The objective of the Government should be to move No Income Groups to Low Income Groups and Low Income Groups to Middle Income Groups by supporting and inciting private sector to increase employment opportunity, greater agriculture performance and farming. 

India and China are good examples in moving No Income to Low income to Middle Income Groups. Bangladesh has been able to move its Poverty Rate down to 11% in 2021 and is expected to hit below 10% in 2022 in spite of COVID, as stated by the World Bank. Our politicians work the other way by increasing welfare recipients; “Koheda Yanne Malle Pol”.

A major role can be played by increasing private public transport and improved non-subsidised railway service which is used only by 7% of the traveling public. Efficiency of public utilities must be measured by output per employee vs cost of employment as a target for efficiency. Private Vs Public organisations. 

A good example is Indian Oil Corporation, a State corporation of India in Sri Lanka. They make profit whereas Ceylon Petroleum Corporation Operates at a loss? Cost of employment is very high at CPC as well and there being a political indifference in management.

Still imports are greater than exports in spite of ban on imports. Debt to GDP is 111%. Value of the rupee has dropped by approximately 32%. Banks are on Rating Watch Negatives. Bilateral debt has increased due to political bungling. 

Another shortcut method is to maintain two sets of books. Move all Government and State organisation outstanding debt between State organisations such as Debt to Petroleum Corporation by CEB/Railway/SLTB/SriLankan off the books from 31 March and operate on a cash basis. 

Thereby deleting State responsibility for settlement of dues; “Robbing Peter to Pay Paul”. This will result in loss-making State organisation responsible for payments. Ministries and Heads of Departments will have to think as private sector non-subsidised organisations to work on a cost vs output basis.

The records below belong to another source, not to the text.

lemma quot_pos_subset_pos_roots:
  fixes S :: "'a::euclidean_space set"
  assumes ind: "independent S" and I: "I \<subseteq> S"
  shows "quot_pos R S I \<subseteq> pos_roots (quot_roots R I) (quot_base S I)"
proof
  fix y assume "y \<in> quot_pos R S I"
  then obtain x where x: "x \<in> pos_roots R S" "y = perp_proj I x" "y \<noteq> 0"
    unfolding quot_pos_def by auto
  obtain c :: "'a \<Rightarrow> int" where c: "x = (\<Sum>s\<in>S. of_int (c s) *\<^sub>R s)" "\<forall>s\<in>S. 0 \<le> c s"
    using x(1) unfolding pos_roots_def by auto
  let ?d = "\<lambda>t. c (the_inv_into (S - I) (perp_proj I) t)"
  have "y = (\<Sum>t\<in>quot_base S I. of_int (?d t) *\<^sub>R t)"
    using perp_proj_lincomb[OF ind I, of "\<lambda>s. of_int (c s)"] x(2) c(1) by simp
  moreover have "\<forall>t\<in>quot_base S I. 0 \<le> ?d t"
    using c(2) the_inv_into_into[OF inj_on_perp_proj[OF ind I] _ Diff_subset]
    unfolding quot_base_def by blast
  ultimately have "\<exists>d::'a \<Rightarrow> int. y = (\<Sum>t\<in>quot_base S I. of_int (d t) *\<^sub>R t) \<and>
      (\<forall>t\<in>quot_base S I. 0 \<le> d t)"
    by (intro exI[of _ ?d] conjI)
  moreover have "y \<in> quot_roots R I"
    using x pos_roots_subset unfolding quot_roots_def by auto
  ultimately show "y \<in> pos_roots (quot_roots R I) (quot_base S I)"
    unfolding pos_roots_def by blast
qed

lemma roots_signed_quot:
  fixes S :: "'a::euclidean_space set"
  assumes "roots_signed R S" and "independent S" and "I \<subseteq> S"
  shows "roots_signed (quot_roots R I) (quot_base S I)"
  unfolding roots_signed_def
proof
  fix y assume "y \<in> quot_roots R I"
  then obtain x where x: "x \<in> R" "y = perp_proj I x" "y \<noteq> 0"
    unfolding quot_roots_def by auto
  have "perp_proj I (- x) = - y" using x(2) linear_neg[OF linear_perp_proj] by simp
  moreover have "x \<in> pos_roots R S \<or> - x \<in> pos_roots R S"
    using assms(1) x(1) unfolding roots_signed_def by blast
  ultimately have "y \<in> quot_pos R S I \<or> - y \<in> quot_pos R S I"
    using quot_posI[of x R S I] quot_posI[of "- x" R S I] x(2,3) by auto
  then show "y \<in> pos_roots (quot_roots R I) (quot_base S I) \<or>
      - y \<in> pos_roots (quot_roots R I) (quot_base S I)"
    using quot_pos_subset_pos_roots[OF assms(2,3)] by blast
qed

lemma pos_roots_quot:
  fixes S :: "'a::euclidean_space set"
  assumes signed: "roots_signed R S" and ind: "independent S" and I: "I \<subseteq> S"
  shows "pos_roots (quot_roots R I) (quot_base S I) = quot_pos R S I"
proof
  show "pos_roots (quot_roots R I) (quot_base S I) \<subseteq> quot_pos R S I"
  proof
    fix y assume y: "y \<in> pos_roots (quot_roots R I) (quot_base S I)"
    then obtain x where x: "x \<in> R" "y = perp_proj I x" "y \<noteq> 0"
      using pos_roots_subset unfolding quot_roots_def by blast
    show "y \<in> quot_pos R S I"
    proof (cases "x \<in> pos_roots R S")
      case True
      then show ?thesis using quot_posI[OF True, of I] x(2,3) by simp
    next
      case False
      then have "- x \<in> pos_roots R S" using signed x(1) unfolding roots_signed_def by blast
      moreover have "perp_proj I (- x) = - y" using x(2) linear_neg[OF linear_perp_proj] by simp
      ultimately have "- y \<in> quot_pos R S I"
        using quot_posI[of "- x" R S I] x(3) by simp
      then have "- y \<in> pos_roots (quot_roots R I) (quot_base S I)"
        using quot_pos_subset_pos_roots[OF ind I] by blast
      then have "y = 0"
        using pos_root_uminus_eq_0[OF independent_quot_base[OF ind I] y] by simp
      then show ?thesis using x(3) by simp
    qed
  qed
qed (rule quot_pos_subset_pos_roots[OF ind I])

lemma quot_base_subset_quot_pos:
  fixes S :: "'a::euclidean_space set"
  assumes "independent S" and "I \<subseteq> S" and "S \<subseteq> pos_roots R S"
  shows "quot_base S I \<subseteq> quot_pos R S I"
proof
  fix y assume "y \<in> quot_base S I"
  then obtain \<theta> where \<theta>: "\<theta> \<in> S - I" "y = perp_proj I \<theta>"
    unfolding quot_base_def by auto
  then have "y \<noteq> 0"
    using base_notin_span[OF assms(1,2)] by (simp add: perp_proj_eq_0_iff)
  then show "y \<in> quot_pos R S I"
    using quot_posI[of \<theta> R S I] \<theta> assms(3) by auto
qed

section \<open>Inflations and primitive sets\<close>

lemma pos_roots_diff_inflation:
  assumes "\<Psi> \<subseteq> quot_pos R S I" and "X \<subseteq> sub_pos R S I"
  shows "pos_roots R S - inflation R S I \<Psi> X =
    inflation R S I (quot_pos R S I - \<Psi>) (sub_pos R S I - X)"
proof (rule set_eqI)
  fix x
  show "x \<in> pos_roots R S - inflation R S I \<Psi> X \<longleftrightarrow>
    x \<in> inflation R S I (quot_pos R S I - \<Psi>) (sub_pos R S I - X)"
  proof (cases "x \<in> span I")
    case True
    then have "perp_proj I x \<notin> quot_pos R S I" by (simp add: quot_pos_def perp_proj_eq_0_iff)
    then show ?thesis using True assms by (auto simp: inflation_def sub_pos_def)
  next
    case False
    then have "x \<in> pos_roots R S \<Longrightarrow> perp_proj I x \<in> quot_pos R S I"
      by (simp add: quot_posI perp_proj_eq_0_iff)
    then show ?thesis using False assms by (auto simp: inflation_def sub_pos_def)
  qed
qed

lemma inflation_supp_set:
  fixes S :: "'a::euclidean_space set"
  assumes "independent S" and "A \<subseteq> pos_roots R S"
  shows "A = inflation R S (supp_set S A) {} A" and "A \<subseteq> sub_pos R S (supp_set S A)"
proof -
  show "A = inflation R S (supp_set S A) {} A" unfolding inflation_def by simp
  show "A \<subseteq> sub_pos R S (supp_set S A)"
    using subset_span_supp_set[OF assms(1)] assms(2) pos_roots_subset_span
    unfolding sub_pos_def by blast
qed

lemma primitive_supp_set:
  fixes S :: "'a::euclidean_space set"
  assumes ind: "independent S" and "0 \<notin> R" and prim: "primitive R S \<Psi>"
    and sub: "\<Psi> \<subseteq> pos_roots R S"
  shows "supp_set S \<Psi> = S" and "supp_set S (pos_roots R S - \<Psi>) = S"
proof -
  have trivial: "K = {} \<or> K = S" if "K \<subseteq> S" "\<Psi>' \<subseteq> quot_pos R S K" "X \<subseteq> sub_pos R S K"
      "\<Psi> = inflation R S K \<Psi>' X" for K \<Psi>' X
    using prim that unfolding primitive_def by blast
  have supp_nonempty: "supp_set S A \<noteq> {}" if "A \<subseteq> pos_roots R S" "A \<noteq> {}" for A
  proof
    assume "supp_set S A = {}"
    then have "A \<subseteq> span {}"
      using subset_span_supp_set[OF ind] that(1) pos_roots_subset_span by (metis subset_trans)
    then show False using that \<open>0 \<notin> R\<close> pos_roots_subset[of R S] by auto
  qed
  have proper: "\<Psi> \<noteq> {}" "pos_roots R S - \<Psi> \<noteq> {}"
    using prim sub unfolding primitive_def by auto
  show "supp_set S \<Psi> = S"
    using trivial[OF supp_set_subset _ inflation_supp_set(2)[OF ind sub]
        inflation_supp_set(1)[OF ind sub]] supp_nonempty[OF sub proper(1)]
    by blast
  show "supp_set S (pos_roots R S - \<Psi>) = S"
  proof -
    let ?\<Psi>c = "pos_roots R S - \<Psi>"
    let ?K = "supp_set S ?\<Psi>c"
    have "\<Psi> = pos_roots R S - inflation R S ?K {} ?\<Psi>c"
      using sub inflation_supp_set(1)[OF ind, of ?\<Psi>c] by blast
    also have "\<dots> = inflation R S ?K (quot_pos R S ?K) (sub_pos R S ?K - ?\<Psi>c)"
      using pos_roots_diff_inflation[OF _ inflation_supp_set(2)[OF ind]] by simp
    finally have "?K = {} \<or> ?K = S"
      using trivial[OF supp_set_subset] by blast
    then show ?thesis using supp_nonempty proper(2) by blast
  qed
qed

lemma exists_pos_root_supp_quot:
  fixes S :: "'a::euclidean_space set"
  assumes ind: "independent S" and I: "I \<subseteq> S" and G: "G \<subseteq> quot_pos R S I"
    and full: "supp_set (quot_base S I) G = quot_base S I" and \<theta>: "\<theta> \<in> S - I"
  shows "\<exists>x\<in>pos_roots R S. perp_proj I x \<in> G \<and> \<theta> \<in> supp_root S x"
proof -
  have "perp_proj I \<theta> \<in> quot_base S I" unfolding quot_base_def using \<theta> by auto
  then obtain g where g: "g \<in> G" "perp_proj I \<theta> \<in> supp_root (quot_base S I) g"
    using full unfolding supp_set_def by blast
  obtain x where x: "x \<in> pos_roots R S" "g = perp_proj I x"
    using g(1) G unfolding quot_pos_def by auto
  have "\<theta> \<in> supp_root S x"
    using g(2) x perp_proj_in_supp_root_iff[OF ind I _ \<theta>] pos_roots_subset_span by blast
  then show ?thesis using x g by blast
qed
lemma plus_T_keeps_in_arc:
  assumes "finite Ep" "(w, v) \<in> Ep"
  shows "\<exists>w'. (w', v) \<in> plus_T lam Ep"
proof -
  obtain m where "(m, v) \<in> Ep" "\<forall>t. (t, v) \<in> Ep \<longrightarrow> lam {m, v} \<le> lam {t, v}"
    using ex_min_on_finite[OF finite_predecessors[OF assms(1)], of v "\<lambda>t. lam {t, v}"] assms(2)
    by auto
  then have "(m, v) \<in> plus_T lam Ep"
    unfolding plus_T_def plus_removed_def by blast
  then show ?thesis ..
qed

lemma minus_T_reverses_arc:
  assumes "finite Em" "(v, u) \<in> Em" "(v, u') \<in> Em" "lam {v, u} < lam {v, u'}"
    and "\<forall>w. (u, w) \<notin> Em"
  shows "(u, v) \<in> minus_T lam Em"
proof -
  have "u \<noteq> u'" using assms(4) by auto
  then have "2 = card {u, u'}" by simp
  also have "\<dots> \<le> outdeg Em v"
    unfolding outdeg_def using finite_successors[OF assms(1)] assms(2,3) by (intro card_mono) auto
  finally have "outdeg Em v \<ge> 2" .
  then have "(v, u) \<in> minus_removed lam Em"
    unfolding minus_removed_def using assms(2-4) by force
  moreover have "outdeg Em u = 0" using assms(1,5) by (simp add: outdeg_eq_0_iff)
  ultimately show ?thesis unfolding minus_T_def by blast
qed

lemma plus_T_reverses_arc:
  assumes "finite Ep" "(u, v) \<in> Ep" "(u', v) \<in> Ep" "lam {u', v} < lam {u, v}"
    and "\<forall>w. (w, u) \<notin> Ep"
  shows "(v, u) \<in> plus_T lam Ep"
proof -
  have "u \<noteq> u'" using assms(4) by auto
  then have "2 = card {u, u'}" by simp
  also have "\<dots> \<le> indeg Ep v"
    unfolding indeg_def using finite_predecessors[OF assms(1)] assms(2,3) by (intro card_mono) auto
  finally have "indeg Ep v \<ge> 2" .
  then have "(u, v) \<in> plus_removed lam Ep"
    unfolding plus_removed_def using assms(2-4) by force
  moreover have "indeg Ep u = 0" using assms(1,5) by (simp add: indeg_eq_0_iff)
  ultimately show ?thesis unfolding plus_T_def by blast
qed

lemma minus_T_arc_cases:
  assumes "(x, y) \<in> minus_T lam Em"
  obtains "(x, y) \<in> Em"
    | w where "(y, x) \<in> Em" "(y, w) \<in> Em" "lam {y, x} < lam {y, w}"
  using assms unfolding minus_T_def minus_removed_def by (auto simp: not_le)

lemma plus_T_arc_cases:
  assumes "(z, x) \<in> plus_T lam Ep"
  obtains "(z, x) \<in> Ep"
    | w where "(x, z) \<in> Ep" "(w, z) \<in> Ep" "lam {w, z} < lam {x, z}"
  using assms unfolding plus_T_def plus_removed_def by (auto simp: not_le)

subsection \<open>Emitters and collectors\<close>

lemma double_card_le_if_inj_into_complement:
  assumes "finite V" "X \<subseteq> V" "inj_on f X" "f ` X \<subseteq> V - X"
  shows "2 * card X \<le> card V"
proof -
  have "card X = card (f ` X)" using assms(3) by (simp add: card_image)
  also have "\<dots> \<le> card (V - X)" using assms(1,4) by (simp add: card_mono)
  also have "\<dots> = card V - card X" using assms(1,2) by (simp add: card_Diff_subset finite_subset)
  finally show ?thesis using card_mono[OF assms(1,2)] by linarith
qed

lemma disjoint_if_card_halves_cover:
  assumes "finite V" "X \<union> C = V" "2 * card X \<le> card V" "2 * card C \<le> card V"
  shows "X \<inter> C = {}"
proof -
  have fin: "finite X" "finite C" using assms(1,2) by auto
  have "card X + card C = card V + card (X \<inter> C)"
    using card_Un_Int[OF fin] assms(2) by simp
  then have "card (X \<inter> C) = 0" using assms(3,4) by linarith
  then show ?thesis using fin by simp
qed

lemma ex_other_elem_if_two_le_card:
  assumes "2 \<le> card V"
  shows "\<exists>w\<in>V. w \<noteq> x"
proof (rule ccontr)
  assume "\<not> ?thesis"
  then have "V \<subseteq> {x}" by blast
  then have "card V \<le> 1" using card_mono[of "{x}" V] by simp
  with assms show False by simp
qed

locale forward_construction =
  fixes V :: "'a set" and lam :: "'a set \<Rightarrow> nat" and Em :: "('a \<times> 'a) set"
  assumes clique: "simple_temporal_clique V lam"
    and tiebreak: "valid_tiebreak (minus_base V lam) Em"
begin

lemma finite_V: "finite V"
  using clique unfolding simple_temporal_clique_def by simp

lemma arcD: "(u, v) \<in> Em \<Longrightarrow> u \<in> V \<and> v \<in> V \<and> u \<noteq> v \<and> is_emin V lam v {u, v}"
  using tiebreak unfolding valid_tiebreak_def minus_base_def by auto

lemma finite_arcs: "finite Em"
proof -
  have "Em \<subseteq> V \<times> V" using arcD by auto
  then show ?thesis using finite_V by (simp add: finite_subset)
qed

lemma emitter_no_out_arc: "x \<in> emitters V lam Em \<Longrightarrow> (x, w) \<notin> Em"
  using minus_T_keeps_out_arc[OF finite_arcs]
  unfolding emitters_def by (auto simp: outdeg_eq_0_iff finite_minus_T[OF finite_arcs])

lemma emitter_emin_arc:
  assumes "x \<in> emitters V lam Em" "is_emin V lam x {x, w}"
  shows "(w, x) \<in> Em"
proof -
  have "(w, x) \<in> minus_base V lam"
    using assms is_emin_doubletonD[OF assms(2)]
    unfolding emitters_def minus_base_def by (auto simp: insert_commute)
  moreover have "(x, w) \<notin> Em" using emitter_no_out_arc[OF assms(1)] .
  ultimately show ?thesis using tiebreak unfolding valid_tiebreak_def by metis
qed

We need to bail out of the current crisis by having immediate, short-term, long-term plans. It may be unpopular but “Country and People have to survive for the next generation”. Even with a change of Government, Central Bank Governor and Secretary Ministry of Finance should not be moved until the country gets out of crisis assuming their plans work within the next four to six months. 

Professionals in ministries must be made to undertake responsibility. Politicians are interested in winning the next election at the cost of people. Country has to survive and people have to live over and above politics.

The smartest move to bail out corrupt debt-burdened countries is being done by India which is Aid for Trade. If not, 30% of the bailout package will be pocketed by corrupt politicians as what has happened to this country for the past three decades.